2. Materials and Methods

2.1. Data Sources

  • TARGET childhood AML data: We retrieved the TARGET AML RNA-seq data from the Genomic Data Commons (GDC) at portal.gdc.cancer.gov/, accessed on 20 November 2020. This dataset comprises 187 subjects and 21,047 genes with nonzero read counts. Additionally, clinical metadata, including EFS and censored status, are accessible. EFS represents the time patients survive without disease recurrence, progression, or further treatment [15]. This dataset was already processed and normalized to account for variations in the sequencing depth and library size, and it was log2 transformed, allowing for accurate comparison.
  • TCGA adult AML data: The TCGA RNA-seq gene expression data were acquired from the Cancer Genomics Portal at https://www.cbioportal.org/, accessed on 16 February 2019. This dataset consists of 173 samples, encompassing 20,531 raw gene counts. Normalization was conducted through log2 transformation and quantile normalization. Similarly to the childhood AML data, EFS, censored status, and other pertinent clinical information were also included.
  • Other validation data: For further validation, we incorporated two independent microarray datasets—GSE37642 [13] and GSE12417 [14], accessed on 8 December 2020. Both datasets represent adult AML, providing only OS information. GSE37642 encompasses 136 patients with 21,225 probes, while GSE12417 includes 163 patients with 21,225 probes. The microarray data were preprocessed with log2 transformation and quantile normalization.

2.2. Methods

Genes associated with EFS for TCGA and TARGET were independently identified using a univariate Cox regression. Subsequently, common genes present in both TCGA and TARGET datasets were subjected to score model construction using the glmnet 4.0-2 and survminer 0.4.8 packages in R [17,18]. The assessment of the proportional hazard assumption was conducted through scaled Schoenfeld residuals. Various other software tools were employed for specific tasks in the analysis. The VennDiagram 1.7.3 package in R facilitated the visualization of Venn diagrams, the ggplot2 3.4.0 function in R was utilized for generating a bar chart depicting KEGG pathways, and the machine learning toolbox in MATLAB R2020a was instrumental in drawing receiver operating characteristic (ROC) curves.
First, we performed univariate Cox regression separately on the TCGA and TARGET datasets to identify genes associated with EFS. For each dataset, we performed univariate Cox regression for all genes and identified 5483 EFS-associated genes in TARGET and 1944 in TCGA using a significance threshold of P < 0.05. Of these, 170 genes were common to both datasets, exhibiting P < 0.05 and consistent coefficient signs.
We then performed regularized multivariate Cox regression using glmnet 4.0-2 [17] with the 170 common genes for each dataset separately.

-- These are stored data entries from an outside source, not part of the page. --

lemma simplicial_outside_closed_nbhd:
  assumes "finite W" "chordal W E" "sym E" "w \<in> W" "p \<in> W" "p \<noteq> w" "(w, p) \<notin> E"
  shows "\<exists>a \<in> W. a \<noteq> w \<and> (w, a) \<notin> E \<and> simplicial E W a"
  using assms
proof (induction W rule: finite_psubset_induct)
  case (psubset W)
  obtain z where z: "simplicial E W z"
    using chordal_simplicial[OF psubset.prems(1,2)] psubset.prems(3) by blast
  then have "z \<in> W" by (simp add: simplicial_def)
  consider "z \<noteq> w" "(w, z) \<notin> E" | "z = w" | "z \<noteq> w" "(w, z) \<in> E" by blast
  then show ?case
  proof cases
    case 1
    with z \<open>z \<in> W\<close> show ?thesis by blast
  next
    case 2
    let ?K = "{q \<in> W. q = w \<or> (w, q) \<in> E}"
    have "clique E ?K"
      using clique_closed_nbhd_simplicial[OF z psubset.prems(2)] 2 by simp
    moreover have "\<not> W \<subseteq> ?K" using psubset.prems(4-6) by blast
    ultimately have "\<exists>a \<in> W - ?K. simplicial E W a"
      by (rule simplicial_outside_clique[OF psubset.hyps(1) psubset.prems(1,2)])
    then show ?thesis by blast
  next
    case 3
    have "W - {z} \<subset> W" "chordal (W - {z}) E" "w \<in> W - {z}" "p \<in> W - {z}"
      using \<open>z \<in> W\<close> 3 psubset.prems chordal_subset[OF psubset.prems(1)] by auto
    then obtain a where a: "a \<in> W - {z}" "a \<noteq> w" "(w, a) \<notin> E" "simplicial E (W - {z}) a"
      using psubset.IH[of "W - {z}"] psubset.prems(2,5,6) by blast
    have "(a, z) \<notin> E"
    proof
      assume "(a, z) \<in> E"
      then have "(z, a) \<in> E" using psubset.prems(2) by (metis symD)
      moreover have "(z, w) \<in> E" using 3 psubset.prems(2) by (metis symD)
      ultimately have "(w, a) \<in> E" using z a(1,2) psubset.prems(3) unfolding simplicial_def by blast
      with a(3) show False by contradiction
    qed
    with a(4) have "simplicial E W a" by (rule simplicial_Diff_nonadjacent)
    with a(1-3) show ?thesis by blast
  qed
qed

The regularization parameter λ was determined using 5-fold cross-validation. The data were randomly divided into five roughly equal-sized subsets (folds). In each iteration, the model was trained on four folds (80% of the data), while the remaining fold (20%) was used for validation. This process was repeated five times, with a different fold used for validation in each iteration. The model’s performance was averaged across all five iterations.
The model’s performance was evaluated using Harrell’s Concordance Index (C-index) [19]. We identified 11 genes with the best C-index of 0.89 using a penalized parameter λ = 0.281 for the TCGA dataset, and 9 genes with the best validation C-index of 0.82 using λ = 0.736 . Among these, 5 genes (F2RL3, IL2RA, MYH15, SIX3, and SOBP) were shared between the TCGA and TARGET datasets.
Since the coefficients estimated by glmnet 4.0-2 with an L 1 penalty tend to be biased toward zero, we refitted a standard Cox regression model using the 5 selected genes for both TCGA and TARGET. This allowed us to obtain the score models separately for each dataset. Finally, we used the score model derived from one dataset to evaluate its performance on the other dataset.
Each dataset serves as an independent test set for the model built from the other dataset. Survminer 0.4.8 software (https://github.com/kassambara/survminer, accessed on 12 December 2020) was used to generate Kaplan–Meier plots and perform log-rank tests using the test scores. Survminer 0.4.8 is an R package providing functions for survival analysis and visualization. The package includes functions for drawing Kaplan–Meier curves, conducting log-rank tests, and visualizing hazard ratios from Cox proportional hazards models.

3. Results

One hundred and seventy genes, common to both TCGA and TARGET datasets, are associated with EFS and enriched within biological pathways.
We identified 170 genes shared between TCGA and TARGET datasets using the univariate Cox regression (P < 0.05), as illustrated in Figure 1 and detailed in Supplementary Table S1.
Figure 1A illustrates the identification of 170 genes associated with EFS shared between adult and pediatric AML. Supplementary Table S1 provides detailed information, including the 170 genes and their corresponding P-values in adult (TCGA) and pediatric AML. Moreover, a notable contrast emerges from the analysis of gene associations, revealing 5483 and 1944 genes linked to TARGET and TCGA, respectively. However, only 170 genes are shared between adult and pediatric AML, underscoring distinct gene expression and transcriptional patterns in these two cohorts.
Figure 1B presents the top 5 KEGG pathways, molecular functions, cellular components, and biological processes enriched with the 170 genes shared by both adults and pediatric AML. Molecular functions common to both include rRNA binding, ubiquitin ligase inhibitor activity, STAT family protein binding, phosphatidylinositol-3,5-bisphosphate 3-phosphatase activity, and ubiquitin-like protein ligase binding. Furthermore, the top five biological processes involve the defense response to the symbiont, defense response to the virus, antiviral innate immune response, cytoplasmic translation, and stem cell development. Cellular components associated with these genes include the large ribosomal subunit, ribosome, intracellular non-membrane-bounded organelle, endocytic vesicle, and nucleolus. The KEGG pathways implicated are protein processing in endoplasmic reticulum, Epstein–Barr virus infection, Fc gamma R-mediated phagocytosis, the Ras signaling pathway, and focal adhesion.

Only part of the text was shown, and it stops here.